Ce télégramme précise que le placement sous vidéosurveillance « est une mesure administrative décorrélée de la procédure judiciaire », donc que la notification de cet acte « et les différents avis mentionnés à l’article L. 256-1 du CSI ne font pas l’objet de procès-verbaux et n’ont pas à être intégrés dans la procédure ».
Des « Dispositions incompatibles avec la réalité du terrain »
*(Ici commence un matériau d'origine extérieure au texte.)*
lemma slow_weight_tendsto_0_of_comparable_rates:
  assumes fin: "\<And>n. finite (I n)" and w: "\<And>n i. i \<in> I n \<Longrightarrow> 0 \<le> w n i"
    and \<sigma>: "\<And>n i. i \<in> I n \<Longrightarrow> 0 \<le> \<sigma> n i" and "0 < p" "0 < q"
    and upper: "\<And>n i. i \<in> I n \<Longrightarrow> \<rho> n i \<le> q * \<sigma> n i"
    and cut: "cutoff (\<lambda>n. exp_sum (I n) (w n) (\<rho> n)) t"
    and T: "\<forall>\<^sub>F n in sequentially. p * t n / 2 \<le> T n"
  shows "(\<lambda>n. slow_weight (I n) (w n) (\<sigma> n) (T n) M) \<longlonglongrightarrow> 0"
proof (rule tendsto_sandwich[of "\<lambda>n. 0" _ _ "\<lambda>n. slow_weight (I n) (w n) (\<rho> n) (t n) (2 * q / p * M)"])
  show "\<forall>\<^sub>F n in sequentially. 0 \<le> slow_weight (I n) (w n) (\<sigma> n) (T n) M"
    using w by (simp add: slow_weight_nonneg)
  show "\<forall>\<^sub>F n in sequentially.
      slow_weight (I n) (w n) (\<sigma> n) (T n) M \<le> slow_weight (I n) (w n) (\<rho> n) (t n) (2 * q / p * M)"
    using T
  proof eventually_elim
    case (elim n)
    have "\<rho> n i * t n \<le> 2 * q / p * (\<sigma> n i * T n)" if "i \<in> I n" for i
    proof -
      have "\<rho> n i * t n \<le> q * \<sigma> n i * t n"
        using upper[OF that] cutoffD(1)[OF cut, of n] by (simp add: mult_right_mono)
      also have "\<dots> \<le> q * \<sigma> n i * (2 * T n / p)"
        using elim \<open>0 < p\<close> \<open>0 < q\<close> \<sigma>[OF that] by (intro mult_left_mono) (auto simp: field_simps)
      finally show ?thesis by (simp add: mult_ac)
    qed
    then show ?case
      using \<open>0 < p\<close> \<open>0 < q\<close> by (intro slow_weight_mono_rates fin w) auto
  qed
qed (use slow_weight_tendsto_0_of_cutoff[OF fin w cut] in auto)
L’application de ces nouvelles règles déclenche l’ire de la plupart des syndicats de police, qui y voient des contraintes procédurales supplémentaires et donc une charge de travail alourdie […] alors que le Premier ministre a lui-même évoqué dans son politique générale sur la simplification des procédures et la nécessité d’augmenter les taux de présence sur la voie publique.
« La fin de la surveillance constante » représente « un risque pour les détenus et les policiers » et « un coût considérable en effectifs pour mettre en place des rondes régulières », ce qui « se fera au détriment des missions de sécurité publique », soutient également Alternative police (CFDT), lundi 30 septembre.
« Toujours plus de contraintes. Toujours plus de normes européennes… Toujours moins de policiers sur la voie publique », réagit de son côté le SCSI (CFDT) le 1er octobre.